■ Goal of the exercise: Look for the word "definition" in the material below. Copy each line that has it.

■ Data shown:
○ ○ ○ ○

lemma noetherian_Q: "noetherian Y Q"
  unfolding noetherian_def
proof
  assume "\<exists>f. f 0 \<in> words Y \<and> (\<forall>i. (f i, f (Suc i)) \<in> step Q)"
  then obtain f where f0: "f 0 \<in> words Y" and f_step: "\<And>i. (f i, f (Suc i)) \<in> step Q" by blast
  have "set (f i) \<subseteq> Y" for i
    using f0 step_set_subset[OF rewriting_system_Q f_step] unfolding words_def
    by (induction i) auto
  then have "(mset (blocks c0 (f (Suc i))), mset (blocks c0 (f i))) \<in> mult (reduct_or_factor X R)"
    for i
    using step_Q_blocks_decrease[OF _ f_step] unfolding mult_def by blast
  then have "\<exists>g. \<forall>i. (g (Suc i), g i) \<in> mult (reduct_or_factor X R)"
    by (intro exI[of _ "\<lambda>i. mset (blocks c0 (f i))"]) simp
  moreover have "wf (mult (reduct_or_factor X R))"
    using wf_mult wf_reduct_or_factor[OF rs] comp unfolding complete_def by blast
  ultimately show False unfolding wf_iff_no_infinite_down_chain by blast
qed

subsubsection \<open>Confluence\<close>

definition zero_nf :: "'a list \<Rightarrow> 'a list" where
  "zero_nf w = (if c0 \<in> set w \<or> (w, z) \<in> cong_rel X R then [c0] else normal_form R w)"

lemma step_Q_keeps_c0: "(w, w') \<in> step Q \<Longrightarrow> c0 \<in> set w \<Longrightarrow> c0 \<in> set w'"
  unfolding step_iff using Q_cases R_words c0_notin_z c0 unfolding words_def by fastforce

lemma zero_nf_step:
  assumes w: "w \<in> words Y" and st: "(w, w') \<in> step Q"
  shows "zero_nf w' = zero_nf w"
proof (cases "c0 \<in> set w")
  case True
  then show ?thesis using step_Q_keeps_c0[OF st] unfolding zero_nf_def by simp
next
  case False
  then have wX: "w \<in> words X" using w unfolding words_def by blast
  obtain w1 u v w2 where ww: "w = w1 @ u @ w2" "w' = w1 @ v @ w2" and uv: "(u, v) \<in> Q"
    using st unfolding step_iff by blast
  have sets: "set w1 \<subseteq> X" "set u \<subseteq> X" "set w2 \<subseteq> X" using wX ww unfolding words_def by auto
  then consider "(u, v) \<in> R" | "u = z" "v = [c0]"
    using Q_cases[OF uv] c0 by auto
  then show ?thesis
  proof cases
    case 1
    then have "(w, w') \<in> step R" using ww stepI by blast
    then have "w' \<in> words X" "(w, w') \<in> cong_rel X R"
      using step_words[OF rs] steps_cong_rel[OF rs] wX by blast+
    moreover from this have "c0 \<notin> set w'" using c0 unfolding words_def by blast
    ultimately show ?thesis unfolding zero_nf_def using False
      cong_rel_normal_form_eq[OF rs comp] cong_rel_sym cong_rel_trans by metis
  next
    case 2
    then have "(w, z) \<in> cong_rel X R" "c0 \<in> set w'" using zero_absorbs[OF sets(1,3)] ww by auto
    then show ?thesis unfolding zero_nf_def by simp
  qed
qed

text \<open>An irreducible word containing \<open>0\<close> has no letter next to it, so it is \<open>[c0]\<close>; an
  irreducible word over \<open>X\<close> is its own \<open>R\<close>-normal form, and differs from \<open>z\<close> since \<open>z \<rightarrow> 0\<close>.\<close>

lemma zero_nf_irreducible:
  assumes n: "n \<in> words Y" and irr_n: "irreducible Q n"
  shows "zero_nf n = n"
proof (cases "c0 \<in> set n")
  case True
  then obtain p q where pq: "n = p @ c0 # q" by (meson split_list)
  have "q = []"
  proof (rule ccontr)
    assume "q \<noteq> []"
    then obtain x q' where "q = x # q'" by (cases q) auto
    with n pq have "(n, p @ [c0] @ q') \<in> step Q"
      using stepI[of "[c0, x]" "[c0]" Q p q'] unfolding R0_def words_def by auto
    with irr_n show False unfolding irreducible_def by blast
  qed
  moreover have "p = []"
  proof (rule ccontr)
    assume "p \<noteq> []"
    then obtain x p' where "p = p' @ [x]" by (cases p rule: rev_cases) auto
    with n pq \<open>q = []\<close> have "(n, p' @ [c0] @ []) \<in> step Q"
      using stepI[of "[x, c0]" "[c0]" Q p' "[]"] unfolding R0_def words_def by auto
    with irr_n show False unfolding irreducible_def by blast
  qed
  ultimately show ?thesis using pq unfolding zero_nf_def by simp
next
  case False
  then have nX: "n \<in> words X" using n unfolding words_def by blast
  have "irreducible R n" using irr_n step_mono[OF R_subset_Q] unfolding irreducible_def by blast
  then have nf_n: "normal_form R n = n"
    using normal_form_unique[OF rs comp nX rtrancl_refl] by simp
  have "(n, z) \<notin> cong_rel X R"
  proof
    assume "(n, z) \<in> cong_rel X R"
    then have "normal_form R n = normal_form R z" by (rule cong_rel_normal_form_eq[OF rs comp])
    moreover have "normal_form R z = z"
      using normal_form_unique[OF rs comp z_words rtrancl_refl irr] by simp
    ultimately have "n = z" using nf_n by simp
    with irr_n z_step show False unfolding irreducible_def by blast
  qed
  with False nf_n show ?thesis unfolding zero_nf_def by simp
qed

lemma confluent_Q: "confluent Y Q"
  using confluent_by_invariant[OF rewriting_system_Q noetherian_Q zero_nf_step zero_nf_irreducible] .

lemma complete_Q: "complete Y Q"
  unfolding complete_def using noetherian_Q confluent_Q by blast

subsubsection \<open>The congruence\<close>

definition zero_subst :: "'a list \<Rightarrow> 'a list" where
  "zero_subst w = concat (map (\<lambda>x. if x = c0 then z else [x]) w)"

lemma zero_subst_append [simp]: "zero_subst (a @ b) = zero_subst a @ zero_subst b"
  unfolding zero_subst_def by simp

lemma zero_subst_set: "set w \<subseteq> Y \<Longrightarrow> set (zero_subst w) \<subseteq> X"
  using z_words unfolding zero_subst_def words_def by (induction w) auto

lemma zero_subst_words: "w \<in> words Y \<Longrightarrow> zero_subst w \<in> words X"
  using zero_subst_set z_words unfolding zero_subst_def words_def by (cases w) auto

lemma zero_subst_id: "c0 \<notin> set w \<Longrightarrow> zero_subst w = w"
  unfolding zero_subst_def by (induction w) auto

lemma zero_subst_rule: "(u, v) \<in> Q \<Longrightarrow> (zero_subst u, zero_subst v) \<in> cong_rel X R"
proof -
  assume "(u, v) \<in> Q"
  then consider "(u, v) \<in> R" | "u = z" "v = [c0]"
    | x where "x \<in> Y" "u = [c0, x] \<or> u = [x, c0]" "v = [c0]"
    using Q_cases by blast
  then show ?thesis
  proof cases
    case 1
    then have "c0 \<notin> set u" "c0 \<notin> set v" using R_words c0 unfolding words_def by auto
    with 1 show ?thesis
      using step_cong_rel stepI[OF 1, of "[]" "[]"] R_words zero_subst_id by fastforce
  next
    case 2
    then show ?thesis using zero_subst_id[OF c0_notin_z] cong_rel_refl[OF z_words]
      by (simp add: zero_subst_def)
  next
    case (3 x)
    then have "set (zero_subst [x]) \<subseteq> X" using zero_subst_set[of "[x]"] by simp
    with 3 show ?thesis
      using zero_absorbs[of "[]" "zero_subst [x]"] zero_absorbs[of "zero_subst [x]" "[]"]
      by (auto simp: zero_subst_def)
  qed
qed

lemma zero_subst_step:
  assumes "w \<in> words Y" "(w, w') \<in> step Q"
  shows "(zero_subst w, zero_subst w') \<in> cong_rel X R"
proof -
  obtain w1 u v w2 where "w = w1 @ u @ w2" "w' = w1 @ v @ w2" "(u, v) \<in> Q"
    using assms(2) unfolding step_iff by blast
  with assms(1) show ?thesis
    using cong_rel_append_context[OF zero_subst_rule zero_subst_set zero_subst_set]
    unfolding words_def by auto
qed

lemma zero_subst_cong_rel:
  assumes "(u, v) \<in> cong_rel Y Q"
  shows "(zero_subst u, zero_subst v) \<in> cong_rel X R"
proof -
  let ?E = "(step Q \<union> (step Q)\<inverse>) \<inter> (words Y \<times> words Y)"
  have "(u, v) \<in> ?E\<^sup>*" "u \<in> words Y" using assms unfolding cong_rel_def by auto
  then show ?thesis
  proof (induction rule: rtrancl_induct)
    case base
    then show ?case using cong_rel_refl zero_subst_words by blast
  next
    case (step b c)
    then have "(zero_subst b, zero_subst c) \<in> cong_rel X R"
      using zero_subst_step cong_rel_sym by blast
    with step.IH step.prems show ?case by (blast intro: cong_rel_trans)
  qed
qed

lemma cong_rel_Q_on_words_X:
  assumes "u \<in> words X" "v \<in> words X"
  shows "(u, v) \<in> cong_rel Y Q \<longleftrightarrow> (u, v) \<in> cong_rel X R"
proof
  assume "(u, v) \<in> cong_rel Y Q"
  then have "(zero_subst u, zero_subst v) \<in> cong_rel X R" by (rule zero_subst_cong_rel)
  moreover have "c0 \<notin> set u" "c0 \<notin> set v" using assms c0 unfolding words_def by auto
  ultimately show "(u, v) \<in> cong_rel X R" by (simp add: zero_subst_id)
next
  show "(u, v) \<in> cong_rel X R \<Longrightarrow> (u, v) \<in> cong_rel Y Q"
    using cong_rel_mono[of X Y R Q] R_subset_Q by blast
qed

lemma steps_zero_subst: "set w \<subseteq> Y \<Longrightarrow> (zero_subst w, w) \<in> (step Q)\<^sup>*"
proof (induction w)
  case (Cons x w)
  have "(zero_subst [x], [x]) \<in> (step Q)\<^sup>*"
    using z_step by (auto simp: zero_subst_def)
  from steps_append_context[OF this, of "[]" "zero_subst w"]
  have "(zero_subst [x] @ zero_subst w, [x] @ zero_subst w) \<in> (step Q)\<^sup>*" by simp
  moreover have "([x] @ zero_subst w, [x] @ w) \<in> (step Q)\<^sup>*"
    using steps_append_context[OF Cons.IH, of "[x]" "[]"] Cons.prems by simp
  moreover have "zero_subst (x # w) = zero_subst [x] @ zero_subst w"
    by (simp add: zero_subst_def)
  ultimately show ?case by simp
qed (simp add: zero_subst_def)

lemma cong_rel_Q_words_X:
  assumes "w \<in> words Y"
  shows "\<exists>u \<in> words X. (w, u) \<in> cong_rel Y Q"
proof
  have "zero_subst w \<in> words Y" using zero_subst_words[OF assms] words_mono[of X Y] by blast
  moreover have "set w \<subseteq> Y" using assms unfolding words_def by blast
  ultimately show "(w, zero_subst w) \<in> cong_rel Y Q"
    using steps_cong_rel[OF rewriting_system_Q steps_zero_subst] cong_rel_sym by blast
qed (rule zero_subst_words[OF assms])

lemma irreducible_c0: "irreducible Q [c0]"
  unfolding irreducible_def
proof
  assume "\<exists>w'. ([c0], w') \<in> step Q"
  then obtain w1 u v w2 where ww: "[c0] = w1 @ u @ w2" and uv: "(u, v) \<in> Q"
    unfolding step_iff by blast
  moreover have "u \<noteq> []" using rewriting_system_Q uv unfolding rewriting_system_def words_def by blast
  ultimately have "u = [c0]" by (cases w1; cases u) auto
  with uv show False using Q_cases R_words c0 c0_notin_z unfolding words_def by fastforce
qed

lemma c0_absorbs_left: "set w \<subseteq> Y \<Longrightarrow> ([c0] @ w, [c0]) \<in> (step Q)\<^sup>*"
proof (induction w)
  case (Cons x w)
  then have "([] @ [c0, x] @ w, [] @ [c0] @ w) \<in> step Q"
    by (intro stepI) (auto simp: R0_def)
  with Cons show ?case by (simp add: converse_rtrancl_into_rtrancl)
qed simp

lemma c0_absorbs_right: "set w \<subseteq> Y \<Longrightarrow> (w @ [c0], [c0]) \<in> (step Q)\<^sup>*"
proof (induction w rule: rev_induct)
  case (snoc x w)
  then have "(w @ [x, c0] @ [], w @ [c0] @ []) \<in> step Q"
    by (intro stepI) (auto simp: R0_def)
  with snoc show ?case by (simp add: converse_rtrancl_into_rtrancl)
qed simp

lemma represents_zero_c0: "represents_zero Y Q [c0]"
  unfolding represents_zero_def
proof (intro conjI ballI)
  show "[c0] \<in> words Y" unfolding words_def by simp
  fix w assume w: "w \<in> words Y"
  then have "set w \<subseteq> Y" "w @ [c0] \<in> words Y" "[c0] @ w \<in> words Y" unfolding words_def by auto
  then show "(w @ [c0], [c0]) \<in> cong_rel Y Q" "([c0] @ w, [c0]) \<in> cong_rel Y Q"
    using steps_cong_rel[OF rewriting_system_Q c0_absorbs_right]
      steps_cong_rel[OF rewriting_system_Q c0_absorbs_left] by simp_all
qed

○ ○ ○ ○

■ Task result:
definition zero_nf :: "'a list \<Rightarrow> 'a list" where
definition zero_subst :: "'a list \<Rightarrow> 'a list" where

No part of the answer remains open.